* PROBLEM TO WORK ON
Your answer should consist only of the lines below from the one with "theory Submission" through the one with "m1 if S meets Y, and m2 if S lies in X.", copied exactly.

━━━ LISTED RECORDS

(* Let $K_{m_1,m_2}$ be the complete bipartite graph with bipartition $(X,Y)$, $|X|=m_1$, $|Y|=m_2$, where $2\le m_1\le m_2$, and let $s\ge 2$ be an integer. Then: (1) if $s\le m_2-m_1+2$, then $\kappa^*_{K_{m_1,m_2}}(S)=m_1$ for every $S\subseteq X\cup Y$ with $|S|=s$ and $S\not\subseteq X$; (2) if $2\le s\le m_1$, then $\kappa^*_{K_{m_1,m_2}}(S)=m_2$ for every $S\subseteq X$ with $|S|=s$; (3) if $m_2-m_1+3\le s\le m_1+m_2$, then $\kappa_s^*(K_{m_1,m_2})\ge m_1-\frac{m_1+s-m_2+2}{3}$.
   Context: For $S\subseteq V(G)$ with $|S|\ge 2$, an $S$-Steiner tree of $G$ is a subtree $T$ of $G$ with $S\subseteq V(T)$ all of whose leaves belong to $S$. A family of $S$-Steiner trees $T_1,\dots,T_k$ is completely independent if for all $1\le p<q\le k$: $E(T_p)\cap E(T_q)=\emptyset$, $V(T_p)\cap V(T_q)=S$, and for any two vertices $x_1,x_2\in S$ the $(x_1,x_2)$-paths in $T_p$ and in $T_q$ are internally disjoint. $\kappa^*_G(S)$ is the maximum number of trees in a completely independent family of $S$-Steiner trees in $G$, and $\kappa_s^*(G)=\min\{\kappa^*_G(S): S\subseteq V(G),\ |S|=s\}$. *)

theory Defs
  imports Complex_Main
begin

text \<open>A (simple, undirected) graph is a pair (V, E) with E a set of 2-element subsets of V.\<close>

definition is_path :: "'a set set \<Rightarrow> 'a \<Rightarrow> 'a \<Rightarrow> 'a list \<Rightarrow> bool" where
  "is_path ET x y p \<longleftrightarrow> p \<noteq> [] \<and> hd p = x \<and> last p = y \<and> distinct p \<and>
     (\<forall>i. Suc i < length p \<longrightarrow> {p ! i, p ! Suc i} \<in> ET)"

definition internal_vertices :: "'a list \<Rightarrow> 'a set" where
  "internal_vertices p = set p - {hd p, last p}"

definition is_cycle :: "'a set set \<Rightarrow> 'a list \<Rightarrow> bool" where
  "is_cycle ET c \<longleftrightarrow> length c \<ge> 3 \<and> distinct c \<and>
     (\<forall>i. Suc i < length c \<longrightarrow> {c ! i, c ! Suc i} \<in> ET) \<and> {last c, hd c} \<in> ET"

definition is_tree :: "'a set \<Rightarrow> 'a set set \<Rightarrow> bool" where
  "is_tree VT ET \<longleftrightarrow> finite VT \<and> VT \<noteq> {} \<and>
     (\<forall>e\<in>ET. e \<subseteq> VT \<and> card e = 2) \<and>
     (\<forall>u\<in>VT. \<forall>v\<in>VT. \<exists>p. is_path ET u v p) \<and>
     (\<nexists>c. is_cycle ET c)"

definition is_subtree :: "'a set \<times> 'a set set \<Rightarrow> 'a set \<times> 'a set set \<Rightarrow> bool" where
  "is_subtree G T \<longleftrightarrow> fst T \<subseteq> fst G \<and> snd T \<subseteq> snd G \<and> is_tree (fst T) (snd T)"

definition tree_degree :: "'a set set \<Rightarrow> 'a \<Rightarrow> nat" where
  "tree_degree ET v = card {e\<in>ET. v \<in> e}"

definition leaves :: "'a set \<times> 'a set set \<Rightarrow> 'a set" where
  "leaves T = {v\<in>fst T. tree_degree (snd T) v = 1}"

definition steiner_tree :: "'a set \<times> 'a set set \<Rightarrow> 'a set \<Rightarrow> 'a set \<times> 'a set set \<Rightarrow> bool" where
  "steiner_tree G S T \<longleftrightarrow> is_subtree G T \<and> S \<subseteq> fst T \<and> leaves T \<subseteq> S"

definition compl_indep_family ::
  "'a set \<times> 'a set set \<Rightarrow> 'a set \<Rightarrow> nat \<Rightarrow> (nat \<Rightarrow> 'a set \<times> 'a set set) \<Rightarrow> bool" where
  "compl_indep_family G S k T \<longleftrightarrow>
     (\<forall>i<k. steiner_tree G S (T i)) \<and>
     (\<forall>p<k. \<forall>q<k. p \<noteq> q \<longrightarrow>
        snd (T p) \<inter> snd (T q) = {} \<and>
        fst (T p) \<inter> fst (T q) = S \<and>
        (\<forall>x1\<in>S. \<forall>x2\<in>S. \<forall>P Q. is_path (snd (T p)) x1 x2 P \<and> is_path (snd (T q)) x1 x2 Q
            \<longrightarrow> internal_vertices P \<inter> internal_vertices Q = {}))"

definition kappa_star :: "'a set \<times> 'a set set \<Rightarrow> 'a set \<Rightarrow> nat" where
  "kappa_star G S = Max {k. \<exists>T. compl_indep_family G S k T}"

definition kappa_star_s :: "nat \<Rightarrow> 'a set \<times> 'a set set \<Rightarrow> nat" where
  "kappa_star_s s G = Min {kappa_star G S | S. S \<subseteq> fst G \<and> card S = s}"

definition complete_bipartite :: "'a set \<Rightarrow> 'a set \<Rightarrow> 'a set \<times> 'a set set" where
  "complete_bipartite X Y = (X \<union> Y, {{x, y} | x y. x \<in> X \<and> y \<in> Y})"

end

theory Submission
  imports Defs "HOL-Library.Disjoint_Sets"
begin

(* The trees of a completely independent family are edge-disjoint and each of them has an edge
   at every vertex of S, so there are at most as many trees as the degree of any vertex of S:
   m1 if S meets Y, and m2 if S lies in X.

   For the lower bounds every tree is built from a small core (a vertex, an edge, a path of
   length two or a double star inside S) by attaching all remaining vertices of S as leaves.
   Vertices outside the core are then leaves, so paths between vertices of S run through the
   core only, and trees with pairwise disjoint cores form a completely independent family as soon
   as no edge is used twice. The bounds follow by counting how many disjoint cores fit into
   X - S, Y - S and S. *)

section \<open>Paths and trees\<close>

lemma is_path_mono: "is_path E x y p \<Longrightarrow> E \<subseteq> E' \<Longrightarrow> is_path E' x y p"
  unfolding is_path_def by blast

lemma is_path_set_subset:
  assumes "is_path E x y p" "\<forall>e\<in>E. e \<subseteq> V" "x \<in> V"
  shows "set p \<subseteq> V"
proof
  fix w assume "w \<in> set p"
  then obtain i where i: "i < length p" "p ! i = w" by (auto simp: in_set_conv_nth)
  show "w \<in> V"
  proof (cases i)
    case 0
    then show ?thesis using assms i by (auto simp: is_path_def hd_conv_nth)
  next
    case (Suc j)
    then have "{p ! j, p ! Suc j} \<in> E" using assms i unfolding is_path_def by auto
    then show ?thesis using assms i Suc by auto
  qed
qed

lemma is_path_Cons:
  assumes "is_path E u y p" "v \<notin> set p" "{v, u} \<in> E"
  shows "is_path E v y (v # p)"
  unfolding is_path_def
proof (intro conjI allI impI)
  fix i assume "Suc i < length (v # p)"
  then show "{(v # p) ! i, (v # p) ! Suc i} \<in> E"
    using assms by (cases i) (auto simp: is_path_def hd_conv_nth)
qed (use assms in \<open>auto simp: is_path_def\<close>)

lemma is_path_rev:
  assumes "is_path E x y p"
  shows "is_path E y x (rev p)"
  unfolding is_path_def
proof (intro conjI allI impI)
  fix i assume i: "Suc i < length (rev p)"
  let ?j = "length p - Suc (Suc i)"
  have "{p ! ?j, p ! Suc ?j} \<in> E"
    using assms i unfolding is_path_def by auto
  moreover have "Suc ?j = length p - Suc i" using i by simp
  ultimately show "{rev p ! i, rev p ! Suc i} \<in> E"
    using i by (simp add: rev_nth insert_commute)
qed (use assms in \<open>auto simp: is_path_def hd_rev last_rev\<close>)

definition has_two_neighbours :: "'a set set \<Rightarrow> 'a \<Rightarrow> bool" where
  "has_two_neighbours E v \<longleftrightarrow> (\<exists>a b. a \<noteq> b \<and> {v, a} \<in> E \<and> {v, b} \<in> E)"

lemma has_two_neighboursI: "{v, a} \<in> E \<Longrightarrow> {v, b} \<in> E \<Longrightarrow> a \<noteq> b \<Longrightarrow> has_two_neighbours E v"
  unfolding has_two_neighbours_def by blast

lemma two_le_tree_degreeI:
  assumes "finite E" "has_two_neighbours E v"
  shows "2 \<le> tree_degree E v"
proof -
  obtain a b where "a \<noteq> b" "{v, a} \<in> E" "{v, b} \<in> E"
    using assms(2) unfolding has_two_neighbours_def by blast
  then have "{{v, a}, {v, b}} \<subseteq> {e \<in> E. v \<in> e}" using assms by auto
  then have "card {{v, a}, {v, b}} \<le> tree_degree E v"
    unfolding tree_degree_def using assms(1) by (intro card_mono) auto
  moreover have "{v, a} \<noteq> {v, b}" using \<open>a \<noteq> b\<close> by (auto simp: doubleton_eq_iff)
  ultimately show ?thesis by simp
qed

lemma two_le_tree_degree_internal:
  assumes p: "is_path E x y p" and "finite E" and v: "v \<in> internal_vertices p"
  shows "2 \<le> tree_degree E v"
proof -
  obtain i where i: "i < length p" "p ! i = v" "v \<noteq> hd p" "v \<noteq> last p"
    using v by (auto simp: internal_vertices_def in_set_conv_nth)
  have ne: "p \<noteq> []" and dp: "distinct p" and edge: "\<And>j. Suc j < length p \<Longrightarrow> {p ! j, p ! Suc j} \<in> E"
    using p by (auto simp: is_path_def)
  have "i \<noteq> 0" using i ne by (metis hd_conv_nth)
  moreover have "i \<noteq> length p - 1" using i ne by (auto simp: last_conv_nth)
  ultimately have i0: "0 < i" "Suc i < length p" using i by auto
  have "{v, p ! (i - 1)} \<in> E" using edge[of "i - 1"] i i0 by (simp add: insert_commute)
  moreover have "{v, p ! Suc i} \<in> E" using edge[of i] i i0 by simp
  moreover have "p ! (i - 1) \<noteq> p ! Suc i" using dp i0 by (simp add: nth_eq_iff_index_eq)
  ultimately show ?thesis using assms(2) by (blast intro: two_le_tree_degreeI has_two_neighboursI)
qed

━━━━━━
━━━ LISTED RECORDS

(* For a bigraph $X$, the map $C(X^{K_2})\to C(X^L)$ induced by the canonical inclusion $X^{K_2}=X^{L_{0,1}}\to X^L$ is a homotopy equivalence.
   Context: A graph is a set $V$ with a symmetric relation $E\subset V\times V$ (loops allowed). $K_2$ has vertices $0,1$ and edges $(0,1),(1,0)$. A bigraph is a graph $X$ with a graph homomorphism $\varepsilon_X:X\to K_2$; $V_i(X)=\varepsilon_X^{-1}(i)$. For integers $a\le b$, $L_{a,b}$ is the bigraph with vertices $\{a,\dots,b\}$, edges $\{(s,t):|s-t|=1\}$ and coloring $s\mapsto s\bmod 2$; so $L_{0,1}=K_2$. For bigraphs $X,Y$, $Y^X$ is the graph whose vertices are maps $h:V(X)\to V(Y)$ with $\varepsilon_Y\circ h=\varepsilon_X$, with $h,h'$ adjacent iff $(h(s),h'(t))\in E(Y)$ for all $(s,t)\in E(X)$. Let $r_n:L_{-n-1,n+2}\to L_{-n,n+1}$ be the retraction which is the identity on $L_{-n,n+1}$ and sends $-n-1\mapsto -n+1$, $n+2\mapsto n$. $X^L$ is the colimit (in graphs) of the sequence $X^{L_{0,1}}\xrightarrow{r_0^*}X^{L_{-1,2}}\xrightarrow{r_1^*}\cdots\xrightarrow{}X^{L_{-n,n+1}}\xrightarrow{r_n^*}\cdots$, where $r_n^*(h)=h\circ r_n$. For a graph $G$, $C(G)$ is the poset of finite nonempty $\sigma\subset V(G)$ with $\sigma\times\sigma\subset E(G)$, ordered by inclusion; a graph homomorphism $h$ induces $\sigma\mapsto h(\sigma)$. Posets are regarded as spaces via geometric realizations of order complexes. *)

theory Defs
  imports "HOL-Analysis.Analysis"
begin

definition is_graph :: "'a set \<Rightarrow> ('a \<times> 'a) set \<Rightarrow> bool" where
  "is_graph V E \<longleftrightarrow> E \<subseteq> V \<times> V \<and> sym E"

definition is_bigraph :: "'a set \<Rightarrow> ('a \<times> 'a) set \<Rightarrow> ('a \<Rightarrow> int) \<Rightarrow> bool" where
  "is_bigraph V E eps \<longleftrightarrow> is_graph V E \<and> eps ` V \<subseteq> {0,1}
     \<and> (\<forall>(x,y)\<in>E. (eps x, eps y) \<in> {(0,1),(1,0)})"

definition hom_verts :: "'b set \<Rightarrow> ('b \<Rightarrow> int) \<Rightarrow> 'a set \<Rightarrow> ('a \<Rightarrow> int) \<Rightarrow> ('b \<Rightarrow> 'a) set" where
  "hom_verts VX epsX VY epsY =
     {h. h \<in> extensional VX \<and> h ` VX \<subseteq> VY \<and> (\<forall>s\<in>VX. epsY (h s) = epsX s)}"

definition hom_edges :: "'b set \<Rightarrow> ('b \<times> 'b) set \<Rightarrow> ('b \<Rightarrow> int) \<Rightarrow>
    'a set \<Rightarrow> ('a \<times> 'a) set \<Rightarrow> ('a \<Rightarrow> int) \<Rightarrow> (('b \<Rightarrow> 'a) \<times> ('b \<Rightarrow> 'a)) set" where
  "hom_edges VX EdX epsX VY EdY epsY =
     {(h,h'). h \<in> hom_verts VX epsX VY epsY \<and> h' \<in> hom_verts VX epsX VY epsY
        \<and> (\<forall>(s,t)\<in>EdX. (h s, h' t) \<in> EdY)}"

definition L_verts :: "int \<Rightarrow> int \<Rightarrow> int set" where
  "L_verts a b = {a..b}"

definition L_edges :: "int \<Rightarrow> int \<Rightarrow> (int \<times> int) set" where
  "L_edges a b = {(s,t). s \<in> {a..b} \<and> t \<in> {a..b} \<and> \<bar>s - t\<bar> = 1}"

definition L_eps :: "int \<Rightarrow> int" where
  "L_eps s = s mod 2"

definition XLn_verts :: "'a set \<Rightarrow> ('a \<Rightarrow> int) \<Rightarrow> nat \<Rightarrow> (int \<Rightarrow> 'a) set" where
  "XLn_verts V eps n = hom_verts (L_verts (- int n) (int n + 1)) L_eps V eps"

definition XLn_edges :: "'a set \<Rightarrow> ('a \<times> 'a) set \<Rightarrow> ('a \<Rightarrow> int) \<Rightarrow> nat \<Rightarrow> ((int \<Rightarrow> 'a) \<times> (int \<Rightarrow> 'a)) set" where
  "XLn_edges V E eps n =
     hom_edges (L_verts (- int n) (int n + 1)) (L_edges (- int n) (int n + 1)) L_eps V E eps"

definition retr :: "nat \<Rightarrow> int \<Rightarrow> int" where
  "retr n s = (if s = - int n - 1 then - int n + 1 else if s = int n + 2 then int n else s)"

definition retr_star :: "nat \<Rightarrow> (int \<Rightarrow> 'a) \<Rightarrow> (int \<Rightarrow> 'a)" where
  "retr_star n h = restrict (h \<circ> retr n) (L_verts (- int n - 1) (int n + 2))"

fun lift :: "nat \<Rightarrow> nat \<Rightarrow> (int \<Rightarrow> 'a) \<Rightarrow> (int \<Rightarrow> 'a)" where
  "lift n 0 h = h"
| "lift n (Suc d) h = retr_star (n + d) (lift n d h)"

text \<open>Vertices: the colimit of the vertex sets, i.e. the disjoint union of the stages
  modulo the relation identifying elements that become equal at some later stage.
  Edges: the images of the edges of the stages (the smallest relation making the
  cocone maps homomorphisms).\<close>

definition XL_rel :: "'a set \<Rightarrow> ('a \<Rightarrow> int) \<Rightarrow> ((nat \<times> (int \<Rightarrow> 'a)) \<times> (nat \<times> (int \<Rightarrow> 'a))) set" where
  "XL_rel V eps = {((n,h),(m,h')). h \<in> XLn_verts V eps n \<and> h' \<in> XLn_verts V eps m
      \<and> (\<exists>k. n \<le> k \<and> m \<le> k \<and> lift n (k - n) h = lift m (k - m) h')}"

━━━━━━
━━━ LISTED RECORDS

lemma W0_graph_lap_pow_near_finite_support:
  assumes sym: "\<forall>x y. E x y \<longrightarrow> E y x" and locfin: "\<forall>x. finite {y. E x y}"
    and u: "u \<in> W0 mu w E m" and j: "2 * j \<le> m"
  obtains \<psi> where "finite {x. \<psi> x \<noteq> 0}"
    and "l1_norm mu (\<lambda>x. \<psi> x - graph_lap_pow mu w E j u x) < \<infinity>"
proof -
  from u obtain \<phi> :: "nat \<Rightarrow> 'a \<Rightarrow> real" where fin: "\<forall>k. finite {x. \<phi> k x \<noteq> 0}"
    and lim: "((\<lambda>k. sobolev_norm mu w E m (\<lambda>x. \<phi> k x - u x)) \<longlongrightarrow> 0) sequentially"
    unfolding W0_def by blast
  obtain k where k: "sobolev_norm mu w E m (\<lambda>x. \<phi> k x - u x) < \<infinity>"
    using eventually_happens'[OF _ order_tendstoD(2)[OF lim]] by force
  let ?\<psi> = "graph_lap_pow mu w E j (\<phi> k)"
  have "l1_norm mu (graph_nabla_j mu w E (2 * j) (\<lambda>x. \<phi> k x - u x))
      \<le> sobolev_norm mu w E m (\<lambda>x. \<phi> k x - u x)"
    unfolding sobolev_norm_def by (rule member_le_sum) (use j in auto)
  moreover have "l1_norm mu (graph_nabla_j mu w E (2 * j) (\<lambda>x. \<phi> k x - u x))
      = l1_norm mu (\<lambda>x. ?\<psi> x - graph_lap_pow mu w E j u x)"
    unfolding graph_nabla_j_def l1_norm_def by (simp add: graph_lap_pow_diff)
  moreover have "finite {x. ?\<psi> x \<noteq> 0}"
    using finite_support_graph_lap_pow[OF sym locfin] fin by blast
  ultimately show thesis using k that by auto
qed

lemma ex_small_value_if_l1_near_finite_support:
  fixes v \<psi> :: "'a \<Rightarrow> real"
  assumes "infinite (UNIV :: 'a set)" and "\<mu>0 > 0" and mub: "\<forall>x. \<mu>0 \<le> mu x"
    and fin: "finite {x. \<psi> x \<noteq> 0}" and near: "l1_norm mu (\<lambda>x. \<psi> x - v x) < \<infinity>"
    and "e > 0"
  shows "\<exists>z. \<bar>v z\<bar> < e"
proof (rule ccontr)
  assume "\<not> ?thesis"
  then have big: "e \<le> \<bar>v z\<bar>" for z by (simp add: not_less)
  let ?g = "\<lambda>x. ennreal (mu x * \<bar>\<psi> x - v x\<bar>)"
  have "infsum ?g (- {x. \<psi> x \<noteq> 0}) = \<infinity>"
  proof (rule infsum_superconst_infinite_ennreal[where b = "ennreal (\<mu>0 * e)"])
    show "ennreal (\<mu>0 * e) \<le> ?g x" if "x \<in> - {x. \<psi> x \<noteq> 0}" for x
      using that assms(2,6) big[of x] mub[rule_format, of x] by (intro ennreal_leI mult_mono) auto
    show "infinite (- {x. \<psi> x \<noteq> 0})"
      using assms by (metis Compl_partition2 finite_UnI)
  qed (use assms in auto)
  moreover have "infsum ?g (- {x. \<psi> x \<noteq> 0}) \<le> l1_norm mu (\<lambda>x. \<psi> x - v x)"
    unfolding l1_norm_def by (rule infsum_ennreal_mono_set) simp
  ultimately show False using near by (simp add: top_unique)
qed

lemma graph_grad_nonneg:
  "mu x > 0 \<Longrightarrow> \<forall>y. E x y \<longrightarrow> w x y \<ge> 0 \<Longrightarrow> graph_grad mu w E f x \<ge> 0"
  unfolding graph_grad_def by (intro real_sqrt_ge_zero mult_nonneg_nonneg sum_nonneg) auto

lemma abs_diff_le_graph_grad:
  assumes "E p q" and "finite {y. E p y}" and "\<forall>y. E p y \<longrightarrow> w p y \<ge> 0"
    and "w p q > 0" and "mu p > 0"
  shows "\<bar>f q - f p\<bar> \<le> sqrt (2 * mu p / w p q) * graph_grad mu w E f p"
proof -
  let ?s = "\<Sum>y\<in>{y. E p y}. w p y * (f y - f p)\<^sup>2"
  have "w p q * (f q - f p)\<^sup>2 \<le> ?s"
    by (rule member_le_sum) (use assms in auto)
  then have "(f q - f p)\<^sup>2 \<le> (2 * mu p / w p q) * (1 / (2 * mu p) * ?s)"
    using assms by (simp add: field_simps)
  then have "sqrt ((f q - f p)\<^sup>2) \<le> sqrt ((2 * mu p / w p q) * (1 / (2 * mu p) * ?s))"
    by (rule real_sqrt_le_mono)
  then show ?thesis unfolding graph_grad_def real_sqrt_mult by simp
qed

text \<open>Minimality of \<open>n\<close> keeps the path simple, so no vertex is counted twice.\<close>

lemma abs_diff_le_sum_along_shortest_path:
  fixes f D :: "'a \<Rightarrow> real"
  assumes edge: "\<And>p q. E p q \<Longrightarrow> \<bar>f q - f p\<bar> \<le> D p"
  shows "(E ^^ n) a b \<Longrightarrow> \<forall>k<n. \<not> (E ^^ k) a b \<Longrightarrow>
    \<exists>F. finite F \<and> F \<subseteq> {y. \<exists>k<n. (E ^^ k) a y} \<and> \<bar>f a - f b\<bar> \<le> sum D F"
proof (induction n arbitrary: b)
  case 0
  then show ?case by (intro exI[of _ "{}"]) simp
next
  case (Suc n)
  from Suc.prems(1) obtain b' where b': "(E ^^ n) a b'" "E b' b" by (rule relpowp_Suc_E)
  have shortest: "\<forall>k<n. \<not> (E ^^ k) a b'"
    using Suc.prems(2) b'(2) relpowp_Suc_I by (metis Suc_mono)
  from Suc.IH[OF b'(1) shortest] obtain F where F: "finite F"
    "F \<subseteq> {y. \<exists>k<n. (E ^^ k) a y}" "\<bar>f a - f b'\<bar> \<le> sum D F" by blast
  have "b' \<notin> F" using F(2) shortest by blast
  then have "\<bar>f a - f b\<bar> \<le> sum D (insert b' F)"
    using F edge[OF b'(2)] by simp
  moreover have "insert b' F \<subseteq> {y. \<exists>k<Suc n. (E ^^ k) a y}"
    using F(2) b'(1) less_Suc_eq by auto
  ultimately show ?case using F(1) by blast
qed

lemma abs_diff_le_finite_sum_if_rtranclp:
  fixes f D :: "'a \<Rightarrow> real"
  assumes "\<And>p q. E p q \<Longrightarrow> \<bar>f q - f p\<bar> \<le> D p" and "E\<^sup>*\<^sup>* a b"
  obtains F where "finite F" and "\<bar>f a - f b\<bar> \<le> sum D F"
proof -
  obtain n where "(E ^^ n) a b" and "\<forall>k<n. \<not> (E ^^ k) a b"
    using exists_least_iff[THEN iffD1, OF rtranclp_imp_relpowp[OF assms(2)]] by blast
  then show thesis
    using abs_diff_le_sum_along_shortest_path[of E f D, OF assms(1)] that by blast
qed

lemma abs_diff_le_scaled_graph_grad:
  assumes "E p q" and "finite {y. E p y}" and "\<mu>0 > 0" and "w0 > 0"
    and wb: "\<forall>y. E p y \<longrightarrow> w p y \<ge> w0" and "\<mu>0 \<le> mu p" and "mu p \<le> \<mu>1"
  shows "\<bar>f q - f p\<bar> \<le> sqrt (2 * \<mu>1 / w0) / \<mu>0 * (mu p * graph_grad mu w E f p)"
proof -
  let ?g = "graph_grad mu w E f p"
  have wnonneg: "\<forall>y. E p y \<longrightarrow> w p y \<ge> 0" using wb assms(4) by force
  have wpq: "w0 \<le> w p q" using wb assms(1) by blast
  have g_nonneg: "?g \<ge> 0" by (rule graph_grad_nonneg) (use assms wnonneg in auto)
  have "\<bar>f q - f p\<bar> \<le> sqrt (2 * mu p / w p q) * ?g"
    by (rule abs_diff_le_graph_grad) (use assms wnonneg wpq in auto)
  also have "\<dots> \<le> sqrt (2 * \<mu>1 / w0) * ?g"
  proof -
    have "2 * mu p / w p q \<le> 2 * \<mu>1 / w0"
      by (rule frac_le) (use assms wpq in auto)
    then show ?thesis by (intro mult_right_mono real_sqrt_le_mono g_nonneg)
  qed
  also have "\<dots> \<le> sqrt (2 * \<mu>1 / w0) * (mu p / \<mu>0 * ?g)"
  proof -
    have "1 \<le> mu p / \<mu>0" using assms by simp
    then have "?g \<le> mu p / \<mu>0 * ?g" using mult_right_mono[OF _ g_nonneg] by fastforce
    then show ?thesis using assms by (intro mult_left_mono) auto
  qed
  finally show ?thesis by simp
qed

━━━━━━

* RESULT FOR THIS TASK
theory Submission
  imports Defs "HOL-Library.Disjoint_Sets"
begin

(* The trees of a completely independent family are edge-disjoint and each of them has an edge
   at every vertex of S, so there are at most as many trees as the degree of any vertex of S:
   m1 if S meets Y, and m2 if S lies in X.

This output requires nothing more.